Так что же было там, в прошлом?
Был старый клуб, располагавшийся в бывшей церкви. Когда наступало тепло, в нем сильно пахло мышами и пылью. Поэтому танцы молодежь устраивала не в клубе, а на обском берегу, у ветел. Там, на танцах, к веселой и улыбчивой Фаине, смело и нисколько не смущаясь, подошел Кузьма, взял за руку и больше не отпускал. Другие парочки старались держаться подальше, в темноте, а Кузьма с Фаиной всегда стояли у самого костра, и никто далее не пытался над ними пошутить, как это водится.
А еще, кроме танцев, была такая забава. Из двух-трех бревешек связывали маленький плотик, наваливали на него сушняка, поджигали и отправляли вниз по течению. Покачиваясь, горящие плотики уплывали по реке, освещали воду, желтоватую во время разлива, скрывались за изгибом, но отблески пламени, неяркие, расплывчатые, долго еще качались на верхушках ветел и на реке.
Они смотрели вслед плотику, когда в один из вечеров Кузьма шепнул Фаине:
— Если к берегу не прибьет, нынче поженимся.
Фаина ахнула, не ожидая этих слов, а сама напряглась, вглядываясь в алое, шевелящееся пятно посреди темной воды — прибьет или не прибьет? Плотик попал в воронку, завертелся, во все стороны посыпались искры, пламя взлетело вверх, раз, другой, казалось, что плотик вот-вот перевернется, но он устоял, вырвался из воронки на стремнину, разгорался ярче и ярче и плыл по самой середине реки.
— Нынче! Нынче! — Кузьма сгреб Фаину в охапку и на руках с ней вымахнул на крутояр. Ничего они друг другу про любовь не говорили и даже не целовались ни разу, а все, оказывается, было сказано.

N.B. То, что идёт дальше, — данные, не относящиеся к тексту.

(* Let $p\notin\{2,11\}$ be a prime with $p\equiv2\pmod3$ such that all three roots of $P(X)=X^3-X^2-X-1$ lie in $\mathbb Q_p$. For each $\lambda\in\Lambda$ let $\lambda^{1/3}$ denote the unique element of $\mathbb Z_p$ whose cube is $\lambda$. Then $\sum_{\lambda\in\Lambda}c_\lambda\lambda^{1/3}=0$.
   Context: $\Lambda$ is the set of roots of $P(X)=X^3-X^2-X-1$ (here contained in $\mathbb Z_p^\times$), and $c_\lambda=\lambda P'(\lambda)^{-1}$. Since $p\equiv2\pmod 3$, every element of $\mathbb Z_p^\times$ has exactly one cube root in $\mathbb Z_p$. *)

theory Defs
  imports "HOL-Computational_Algebra.Polynomial" "HOL-Number_Theory.Number_Theory"
begin

text \<open>The p-adic integers Z_p, modelled as the inverse limit of the rings Z/p^n Z:
  an element is a coherent sequence of residues x n in {0..<p^n}.
  Ring operations are computed componentwise modulo p^n.\<close>

definition Zp :: "nat \<Rightarrow> (nat \<Rightarrow> int) set" where
  "Zp p = {x. \<forall>n. 0 \<le> x n \<and> x n < int p ^ n \<and> x (Suc n) mod (int p ^ n) = x n}"

definition pzero :: "nat \<Rightarrow> nat \<Rightarrow> int" where
  "pzero p = (\<lambda>n. 0)"

definition pone :: "nat \<Rightarrow> nat \<Rightarrow> int" where
  "pone p = (\<lambda>n. 1 mod (int p ^ n))"

definition padd :: "nat \<Rightarrow> (nat \<Rightarrow> int) \<Rightarrow> (nat \<Rightarrow> int) \<Rightarrow> nat \<Rightarrow> int" where
  "padd p x y = (\<lambda>n. (x n + y n) mod (int p ^ n))"

definition pmul :: "nat \<Rightarrow> (nat \<Rightarrow> int) \<Rightarrow> (nat \<Rightarrow> int) \<Rightarrow> nat \<Rightarrow> int" where
  "pmul p x y = (\<lambda>n. (x n * y n) mod (int p ^ n))"

definition psum :: "nat \<Rightarrow> ('a \<Rightarrow> nat \<Rightarrow> int) \<Rightarrow> 'a set \<Rightarrow> nat \<Rightarrow> int" where
  "psum p f A = (\<lambda>n. (\<Sum>a\<in>A. f a n) mod (int p ^ n))"

definition peval :: "nat \<Rightarrow> int poly \<Rightarrow> (nat \<Rightarrow> int) \<Rightarrow> nat \<Rightarrow> int" where
  "peval p f x = (\<lambda>n. poly f (x n) mod (int p ^ n))"

definition pinv :: "nat \<Rightarrow> (nat \<Rightarrow> int) \<Rightarrow> nat \<Rightarrow> int" where
  "pinv p x = (THE y. y \<in> Zp p \<and> pmul p x y = pone p)"

definition pcbrt :: "nat \<Rightarrow> (nat \<Rightarrow> int) \<Rightarrow> nat \<Rightarrow> int" where
  "pcbrt p x = (THE y. y \<in> Zp p \<and> pmul p y (pmul p y y) = x)"

definition Ptrib :: "int poly" where
  "Ptrib = [:-1, -1, -1, 1:]"

definition Lam :: "nat \<Rightarrow> (nat \<Rightarrow> int) set" where
  "Lam p = {x \<in> Zp p. peval p Ptrib x = pzero p}"

text \<open>c_lambda = lambda * P'(lambda)^{-1}.\<close>
definition clam :: "nat \<Rightarrow> (nat \<Rightarrow> int) \<Rightarrow> nat \<Rightarrow> int" where
  "clam p l = pmul p l (pinv p (peval p (pderiv Ptrib) l))"

end

theory Submission
  imports Defs
begin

У старой Лукерьи, матери Фаины, был большой, круглый дом и пристройка к нему. В пристройку на лето пускали отдыхающих. В тот год приехали из города муж с женой. Приехали на своей машине, а это в ту пору было в деревне диковинкой. Фаина подошла и потрогала маленького, блестящего оленя на капоте. Странно ей было, что люди имеют свою машину, да такую, какой нет и у директора леспромхоза. Да что там директор, если начальник из района и тот приезжал на грязном, ободранном газике, крытом брезентом.

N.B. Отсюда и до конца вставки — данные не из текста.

lemma frame_perp_orthogonal:
  assumes "invertible (frame_gram tm D)"
  shows "mink tm (frame_perp tm D x) (D k) = 0"
proof -
  let ?g = "frame_gram tm D" and ?gi = "matrix_inv (frame_gram tm D)"
  have "mink tm (\<Sum>i\<in>UNIV. (\<Sum>j\<in>UNIV. ?gi $ i $ j * mink tm x (D j)) *\<^sub>R D i) (D k)
      = (\<Sum>i\<in>UNIV. \<Sum>j\<in>UNIV. mink tm x (D j) * (?g $ k $ i * ?gi $ i $ j))"
    by (simp add: mink_sum_left mink_scaleR_left sum_distrib_left sum_distrib_right frame_gram_def
        mink_commute[of tm _ "D k"] mult_ac)
  also have "\<dots> = (\<Sum>j\<in>UNIV. mink tm x (D j) * (?g ** ?gi) $ k $ j)"
    by (subst sum.swap) (simp add: matrix_matrix_mult_def sum_distrib_left)
  also have "\<dots> = mink tm x (D k)"
    by (simp add: matrix_inv_mult[OF assms] mat_def if_distrib cong: if_cong)
  finally show ?thesis by (simp add: frame_perp_def mink_diff_left)
qed

lemma mink_frame_perp_residual:
  assumes "\<And>i. mink tm z (D i) = 0"
  shows "mink tm (x - frame_perp tm D x) z = 0"
  using assms by (simp add: frame_perp_def mink_sum_left mink_scaleR_left mink_commute[of tm "D _" z])

lemma frame_perp_scaleR: "frame_perp tm D (c *\<^sub>R x) = c *\<^sub>R frame_perp tm D x"
  by (simp add: frame_perp_def mink_scaleR_left scaleR_diff_right scaleR_sum_right
      sum_distrib_left mult.left_commute)

lemma matrix_inv_scaleR:
  fixes A :: "real^'n::finite^'n"
  assumes "invertible A" "k \<noteq> 0"
  shows "matrix_inv (k *\<^sub>R A) = (1/k) *\<^sub>R matrix_inv A"
  using assms by (intro matrix_inv_eqI)
    (simp_all add: matrix_scalar_ac matrix_inv_mult flip: scalar_matrix_assoc)

lemma frame_perp_scaleR_frame:
  assumes "invertible (frame_gram tm D)" "c \<noteq> 0"
  shows "frame_perp tm (\<lambda>l. c *\<^sub>R D l) = frame_perp tm D"
proof -
  have "frame_gram tm (\<lambda>l. c *\<^sub>R D l) = c\<^sup>2 *\<^sub>R frame_gram tm D"
    by (simp add: frame_gram_def vec_eq_iff mink_scaleR_left mink_scaleR_right power2_eq_square)
  then have "matrix_inv (frame_gram tm (\<lambda>l. c *\<^sub>R D l)) = (1 / c\<^sup>2) *\<^sub>R matrix_inv (frame_gram tm D)"
    using assms by (simp add: matrix_inv_scaleR)
  then show ?thesis
    using assms(2) by (simp add: fun_eq_iff frame_perp_def mink_scaleR_right power2_eq_square
        flip: sum_divide_distrib)
qed

lemma nproj_UNIV:
  assumes "invertible (frame_gram tm D)"
  shows "nproj tm UNIV p D v = frame_perp tm D v"
proof (rule nproj_unique)
  fix x z assume "z \<in> normal_space tm UNIV p D"
  then show "mink tm (x - frame_perp tm D x) z = 0"
    by (intro mink_frame_perp_residual) (simp add: normal_space_UNIV)
qed (auto simp: normal_space_UNIV mink_diff_left frame_perp_orthogonal[OF assms])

Она терпеливо ждала, пока приезжие распакуют чемоданы и выйдут. А когда вышли, Фаина прижмурила глаза — так ослепительно недоступна была их одежда. Особенно у женщины. Ее платье из легкой, чуть шуршащей материи распространяло вокруг тонкий запах, нет, даже не запах, а легонький ветерок, пахнущий неизвестным, нездешним запахом, А ведь был обычный, будний день, а как же тогда женщина одевается в праздники?! Отступая, чтобы не оказаться рядом, Фаина, даже не глядя на себя, увидела себя всю с ног до головы, будто была она на месте квартирантов: старое платьишко, линялое от стирки и не раз починенное, грязные галоши на босу ногу и серенький платок, вырезанный из изношенной юбки, которая пошла на вехоть, потому что ремки больше никуда не годились. И хотя она собиралась на огород, поливать огурцы в этой одежде, и хотя были у нее платья и платки лучше, все равно ничто не сравнялось бы с нарядом приезжей.